# Given records:
┄┄┄┄┄┄┄┄┄┄┄┄┄┄┄┄┄┄┄┄

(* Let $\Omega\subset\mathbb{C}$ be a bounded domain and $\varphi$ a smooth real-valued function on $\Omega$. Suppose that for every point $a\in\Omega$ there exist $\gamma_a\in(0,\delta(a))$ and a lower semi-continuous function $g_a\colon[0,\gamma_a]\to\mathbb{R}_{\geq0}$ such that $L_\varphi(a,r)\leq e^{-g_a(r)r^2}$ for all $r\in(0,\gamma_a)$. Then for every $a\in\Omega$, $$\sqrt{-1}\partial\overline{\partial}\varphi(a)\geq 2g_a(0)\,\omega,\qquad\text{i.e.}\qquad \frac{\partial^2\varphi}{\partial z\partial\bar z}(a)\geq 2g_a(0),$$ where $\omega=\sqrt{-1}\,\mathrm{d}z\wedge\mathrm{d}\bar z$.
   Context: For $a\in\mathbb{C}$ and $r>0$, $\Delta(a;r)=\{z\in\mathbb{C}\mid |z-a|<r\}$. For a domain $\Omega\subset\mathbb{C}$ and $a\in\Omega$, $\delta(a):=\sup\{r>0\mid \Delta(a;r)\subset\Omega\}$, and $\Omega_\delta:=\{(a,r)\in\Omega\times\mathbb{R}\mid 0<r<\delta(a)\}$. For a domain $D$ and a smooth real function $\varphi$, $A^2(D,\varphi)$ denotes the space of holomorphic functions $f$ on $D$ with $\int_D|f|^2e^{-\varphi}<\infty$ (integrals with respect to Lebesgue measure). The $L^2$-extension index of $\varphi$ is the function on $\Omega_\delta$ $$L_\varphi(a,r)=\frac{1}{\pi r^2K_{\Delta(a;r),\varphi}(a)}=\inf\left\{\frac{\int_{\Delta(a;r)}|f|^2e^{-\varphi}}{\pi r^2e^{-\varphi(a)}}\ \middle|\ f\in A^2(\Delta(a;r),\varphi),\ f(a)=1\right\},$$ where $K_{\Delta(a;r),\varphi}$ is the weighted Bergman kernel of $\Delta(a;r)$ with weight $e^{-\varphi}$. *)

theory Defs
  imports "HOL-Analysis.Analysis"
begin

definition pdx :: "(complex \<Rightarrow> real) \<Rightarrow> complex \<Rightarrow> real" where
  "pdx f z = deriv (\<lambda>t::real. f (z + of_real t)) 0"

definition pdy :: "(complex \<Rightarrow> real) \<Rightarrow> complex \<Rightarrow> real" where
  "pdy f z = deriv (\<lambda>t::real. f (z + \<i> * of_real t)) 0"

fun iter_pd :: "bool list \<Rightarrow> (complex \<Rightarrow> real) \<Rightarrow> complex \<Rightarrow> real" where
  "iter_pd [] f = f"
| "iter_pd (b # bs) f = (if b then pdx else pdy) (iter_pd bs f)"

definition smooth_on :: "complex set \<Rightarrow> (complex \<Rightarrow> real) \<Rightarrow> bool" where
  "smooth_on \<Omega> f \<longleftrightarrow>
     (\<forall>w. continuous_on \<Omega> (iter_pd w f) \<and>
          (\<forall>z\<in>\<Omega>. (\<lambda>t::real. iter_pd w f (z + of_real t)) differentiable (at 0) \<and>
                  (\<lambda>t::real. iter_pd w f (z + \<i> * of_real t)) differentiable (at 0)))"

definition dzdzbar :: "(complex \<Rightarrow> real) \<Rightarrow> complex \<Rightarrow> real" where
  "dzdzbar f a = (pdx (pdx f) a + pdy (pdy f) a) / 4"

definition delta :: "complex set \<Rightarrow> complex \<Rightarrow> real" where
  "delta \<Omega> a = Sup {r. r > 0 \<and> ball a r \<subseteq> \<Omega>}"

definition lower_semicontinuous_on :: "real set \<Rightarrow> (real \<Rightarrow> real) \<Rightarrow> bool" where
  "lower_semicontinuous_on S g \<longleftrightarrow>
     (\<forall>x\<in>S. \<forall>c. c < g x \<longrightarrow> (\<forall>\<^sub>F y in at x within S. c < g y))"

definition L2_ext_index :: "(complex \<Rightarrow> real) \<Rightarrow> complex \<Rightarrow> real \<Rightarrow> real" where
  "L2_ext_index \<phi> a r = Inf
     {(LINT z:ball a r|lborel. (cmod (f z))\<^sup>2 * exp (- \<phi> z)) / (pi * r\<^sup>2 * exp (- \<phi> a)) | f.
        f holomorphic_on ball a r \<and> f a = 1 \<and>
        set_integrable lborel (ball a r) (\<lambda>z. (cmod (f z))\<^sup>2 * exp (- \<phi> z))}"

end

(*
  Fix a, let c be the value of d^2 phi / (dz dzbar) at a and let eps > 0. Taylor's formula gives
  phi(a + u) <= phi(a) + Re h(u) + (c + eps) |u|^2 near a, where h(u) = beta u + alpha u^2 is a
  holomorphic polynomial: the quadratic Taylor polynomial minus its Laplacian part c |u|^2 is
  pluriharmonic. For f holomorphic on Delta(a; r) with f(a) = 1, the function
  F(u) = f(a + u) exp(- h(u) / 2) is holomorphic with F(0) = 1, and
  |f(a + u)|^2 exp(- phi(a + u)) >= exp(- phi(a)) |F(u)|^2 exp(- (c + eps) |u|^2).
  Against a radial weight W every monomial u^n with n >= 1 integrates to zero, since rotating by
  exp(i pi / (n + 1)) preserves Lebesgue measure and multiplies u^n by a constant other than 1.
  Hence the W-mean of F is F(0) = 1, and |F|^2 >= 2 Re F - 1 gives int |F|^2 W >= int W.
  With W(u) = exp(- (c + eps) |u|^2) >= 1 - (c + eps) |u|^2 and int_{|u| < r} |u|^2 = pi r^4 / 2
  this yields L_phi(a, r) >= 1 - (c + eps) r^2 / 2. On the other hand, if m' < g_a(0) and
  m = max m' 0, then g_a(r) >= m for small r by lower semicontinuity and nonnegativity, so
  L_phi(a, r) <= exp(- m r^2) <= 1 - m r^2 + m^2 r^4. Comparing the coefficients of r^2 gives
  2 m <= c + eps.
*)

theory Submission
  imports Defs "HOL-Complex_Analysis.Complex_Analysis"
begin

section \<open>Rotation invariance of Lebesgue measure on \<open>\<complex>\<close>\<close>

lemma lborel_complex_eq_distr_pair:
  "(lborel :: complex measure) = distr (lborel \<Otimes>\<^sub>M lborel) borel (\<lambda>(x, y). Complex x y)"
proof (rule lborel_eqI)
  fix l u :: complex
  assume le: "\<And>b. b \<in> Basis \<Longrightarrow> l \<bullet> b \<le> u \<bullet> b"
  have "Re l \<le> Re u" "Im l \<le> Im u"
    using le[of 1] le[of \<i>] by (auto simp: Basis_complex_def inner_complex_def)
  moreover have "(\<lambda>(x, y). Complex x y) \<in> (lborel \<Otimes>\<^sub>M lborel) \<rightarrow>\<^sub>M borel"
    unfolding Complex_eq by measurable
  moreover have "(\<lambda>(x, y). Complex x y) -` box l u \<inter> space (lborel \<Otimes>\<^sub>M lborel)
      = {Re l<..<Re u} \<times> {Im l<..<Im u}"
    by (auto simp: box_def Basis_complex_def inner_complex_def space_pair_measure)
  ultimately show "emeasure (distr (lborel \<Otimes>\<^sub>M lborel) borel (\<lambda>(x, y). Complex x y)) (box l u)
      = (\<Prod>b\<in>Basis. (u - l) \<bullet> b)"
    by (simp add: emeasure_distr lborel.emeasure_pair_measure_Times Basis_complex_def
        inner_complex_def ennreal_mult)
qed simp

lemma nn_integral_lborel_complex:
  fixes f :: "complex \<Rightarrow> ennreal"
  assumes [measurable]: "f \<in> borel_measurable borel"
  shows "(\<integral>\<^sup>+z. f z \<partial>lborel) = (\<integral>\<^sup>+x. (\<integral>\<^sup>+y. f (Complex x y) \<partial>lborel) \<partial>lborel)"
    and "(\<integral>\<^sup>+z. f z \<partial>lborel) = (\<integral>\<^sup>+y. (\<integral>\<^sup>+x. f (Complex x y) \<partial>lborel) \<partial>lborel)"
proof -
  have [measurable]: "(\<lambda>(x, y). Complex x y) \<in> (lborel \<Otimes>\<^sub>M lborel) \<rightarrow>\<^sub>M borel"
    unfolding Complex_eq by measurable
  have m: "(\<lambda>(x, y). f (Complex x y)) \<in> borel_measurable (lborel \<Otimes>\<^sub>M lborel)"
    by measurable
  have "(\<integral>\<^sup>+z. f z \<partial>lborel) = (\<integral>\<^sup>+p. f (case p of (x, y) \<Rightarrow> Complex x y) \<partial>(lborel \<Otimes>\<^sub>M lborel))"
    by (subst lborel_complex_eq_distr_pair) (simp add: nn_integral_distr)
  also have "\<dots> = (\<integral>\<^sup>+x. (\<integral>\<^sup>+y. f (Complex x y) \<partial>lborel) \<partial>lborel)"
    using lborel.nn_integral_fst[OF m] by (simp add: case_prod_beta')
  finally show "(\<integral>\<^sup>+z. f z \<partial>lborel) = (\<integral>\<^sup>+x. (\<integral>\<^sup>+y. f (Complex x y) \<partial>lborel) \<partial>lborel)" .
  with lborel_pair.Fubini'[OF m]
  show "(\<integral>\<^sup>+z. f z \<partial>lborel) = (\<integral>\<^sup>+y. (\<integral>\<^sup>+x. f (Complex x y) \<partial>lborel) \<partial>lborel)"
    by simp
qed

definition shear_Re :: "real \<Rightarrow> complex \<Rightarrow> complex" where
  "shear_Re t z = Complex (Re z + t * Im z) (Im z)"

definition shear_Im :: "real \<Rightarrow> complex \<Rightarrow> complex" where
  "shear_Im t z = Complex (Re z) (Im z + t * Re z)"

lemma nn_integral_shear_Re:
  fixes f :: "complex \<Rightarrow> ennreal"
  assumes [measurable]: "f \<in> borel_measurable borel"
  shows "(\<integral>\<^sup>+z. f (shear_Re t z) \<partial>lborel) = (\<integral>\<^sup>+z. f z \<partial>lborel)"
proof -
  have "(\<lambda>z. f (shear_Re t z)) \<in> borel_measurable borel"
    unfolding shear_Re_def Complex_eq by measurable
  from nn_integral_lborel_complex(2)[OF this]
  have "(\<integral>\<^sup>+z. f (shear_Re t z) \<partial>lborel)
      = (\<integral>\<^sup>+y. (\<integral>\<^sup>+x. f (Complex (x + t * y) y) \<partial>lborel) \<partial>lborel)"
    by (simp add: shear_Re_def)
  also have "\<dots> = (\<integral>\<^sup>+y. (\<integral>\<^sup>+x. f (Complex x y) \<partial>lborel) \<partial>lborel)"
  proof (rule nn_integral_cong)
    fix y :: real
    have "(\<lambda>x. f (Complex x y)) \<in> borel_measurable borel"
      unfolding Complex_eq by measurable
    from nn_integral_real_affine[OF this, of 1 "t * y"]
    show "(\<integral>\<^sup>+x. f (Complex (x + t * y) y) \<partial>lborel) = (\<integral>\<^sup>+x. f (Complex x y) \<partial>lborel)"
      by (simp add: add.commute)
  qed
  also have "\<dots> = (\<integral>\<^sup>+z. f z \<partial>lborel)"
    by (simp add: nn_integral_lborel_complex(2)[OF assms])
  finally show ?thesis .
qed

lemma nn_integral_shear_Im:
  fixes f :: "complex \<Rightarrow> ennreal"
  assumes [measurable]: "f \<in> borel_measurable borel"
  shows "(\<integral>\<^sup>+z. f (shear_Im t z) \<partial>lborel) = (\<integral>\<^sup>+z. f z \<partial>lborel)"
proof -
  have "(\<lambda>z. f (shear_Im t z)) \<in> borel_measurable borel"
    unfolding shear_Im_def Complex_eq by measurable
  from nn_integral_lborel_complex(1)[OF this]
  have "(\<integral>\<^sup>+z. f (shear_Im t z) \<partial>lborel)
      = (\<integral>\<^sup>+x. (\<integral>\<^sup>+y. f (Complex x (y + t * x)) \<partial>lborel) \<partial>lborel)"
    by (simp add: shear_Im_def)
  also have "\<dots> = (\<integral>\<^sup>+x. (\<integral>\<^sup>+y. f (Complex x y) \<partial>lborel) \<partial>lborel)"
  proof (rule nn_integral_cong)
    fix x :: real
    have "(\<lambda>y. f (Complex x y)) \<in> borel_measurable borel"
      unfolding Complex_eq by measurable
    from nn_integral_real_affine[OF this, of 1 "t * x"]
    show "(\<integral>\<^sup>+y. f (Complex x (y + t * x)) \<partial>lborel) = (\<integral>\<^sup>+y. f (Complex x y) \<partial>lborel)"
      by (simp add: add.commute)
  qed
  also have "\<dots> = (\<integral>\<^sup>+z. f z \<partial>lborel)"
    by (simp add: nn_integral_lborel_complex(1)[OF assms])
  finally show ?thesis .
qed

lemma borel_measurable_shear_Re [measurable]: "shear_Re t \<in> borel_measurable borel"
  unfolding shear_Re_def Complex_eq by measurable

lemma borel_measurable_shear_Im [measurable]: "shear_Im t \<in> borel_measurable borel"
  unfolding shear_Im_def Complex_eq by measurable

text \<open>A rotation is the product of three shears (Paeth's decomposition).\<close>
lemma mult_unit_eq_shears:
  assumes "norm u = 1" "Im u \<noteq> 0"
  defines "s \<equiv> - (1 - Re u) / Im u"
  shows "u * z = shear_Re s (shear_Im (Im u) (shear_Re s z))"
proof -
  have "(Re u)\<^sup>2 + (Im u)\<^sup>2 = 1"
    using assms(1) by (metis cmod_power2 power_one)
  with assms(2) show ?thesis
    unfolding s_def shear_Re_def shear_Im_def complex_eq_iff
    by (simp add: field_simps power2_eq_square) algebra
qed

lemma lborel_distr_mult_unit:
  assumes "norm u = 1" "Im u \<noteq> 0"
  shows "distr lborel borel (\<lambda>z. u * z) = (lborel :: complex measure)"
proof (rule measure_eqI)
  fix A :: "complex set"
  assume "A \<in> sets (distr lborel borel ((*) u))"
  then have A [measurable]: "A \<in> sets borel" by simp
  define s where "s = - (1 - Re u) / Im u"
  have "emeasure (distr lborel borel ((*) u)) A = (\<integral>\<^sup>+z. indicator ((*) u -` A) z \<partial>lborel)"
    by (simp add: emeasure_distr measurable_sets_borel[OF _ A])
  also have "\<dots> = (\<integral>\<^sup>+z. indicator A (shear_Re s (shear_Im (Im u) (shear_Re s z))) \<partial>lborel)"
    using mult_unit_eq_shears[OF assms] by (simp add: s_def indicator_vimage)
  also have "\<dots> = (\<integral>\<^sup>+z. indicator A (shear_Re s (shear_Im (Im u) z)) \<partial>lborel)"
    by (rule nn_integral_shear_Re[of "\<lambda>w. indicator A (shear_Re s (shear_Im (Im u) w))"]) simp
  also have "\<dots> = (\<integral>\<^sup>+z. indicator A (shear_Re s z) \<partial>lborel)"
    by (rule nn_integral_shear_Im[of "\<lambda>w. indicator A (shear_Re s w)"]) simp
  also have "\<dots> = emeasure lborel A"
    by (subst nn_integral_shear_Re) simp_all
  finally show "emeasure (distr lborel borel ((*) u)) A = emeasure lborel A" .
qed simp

┄┄┄┄┄┄┄┄┄┄┄┄┄┄┄┄┄┄┄┄

In the listing above, find the line with "fix y :: real" and the line with "from nn_integral_lborel_complex(1)[OF this]", then print exactly those two lines and every line between them, and nothing more.

    fix y :: real
    have "(\<lambda>x. f (Complex x y)) \<in> borel_measurable borel"
      unfolding Complex_eq by measurable
    from nn_integral_real_affine[OF this, of 1 "t * y"]
    show "(\<integral>\<^sup>+x. f (Complex (x + t * y) y) \<partial>lborel) = (\<integral>\<^sup>+x. f (Complex x y) \<partial>lborel)"
      by (simp add: add.commute)
  qed
  also have "\<dots> = (\<integral>\<^sup>+z. f z \<partial>lborel)"
    by (simp add: nn_integral_lborel_complex(2)[OF assms])
  finally show ?thesis .
qed

lemma nn_integral_shear_Im:
  fixes f :: "complex \<Rightarrow> ennreal"
  assumes [measurable]: "f \<in> borel_measurable borel"
  shows "(\<integral>\<^sup>+z. f (shear_Im t z) \<partial>lborel) = (\<integral>\<^sup>+z. f z \<partial>lborel)"
proof -
  have "(\<lambda>z. f (shear_Im t z)) \<in> borel_measurable borel"
    unfolding shear_Im_def Complex_eq by measurable
  from nn_integral_lborel_complex(1)[OF this]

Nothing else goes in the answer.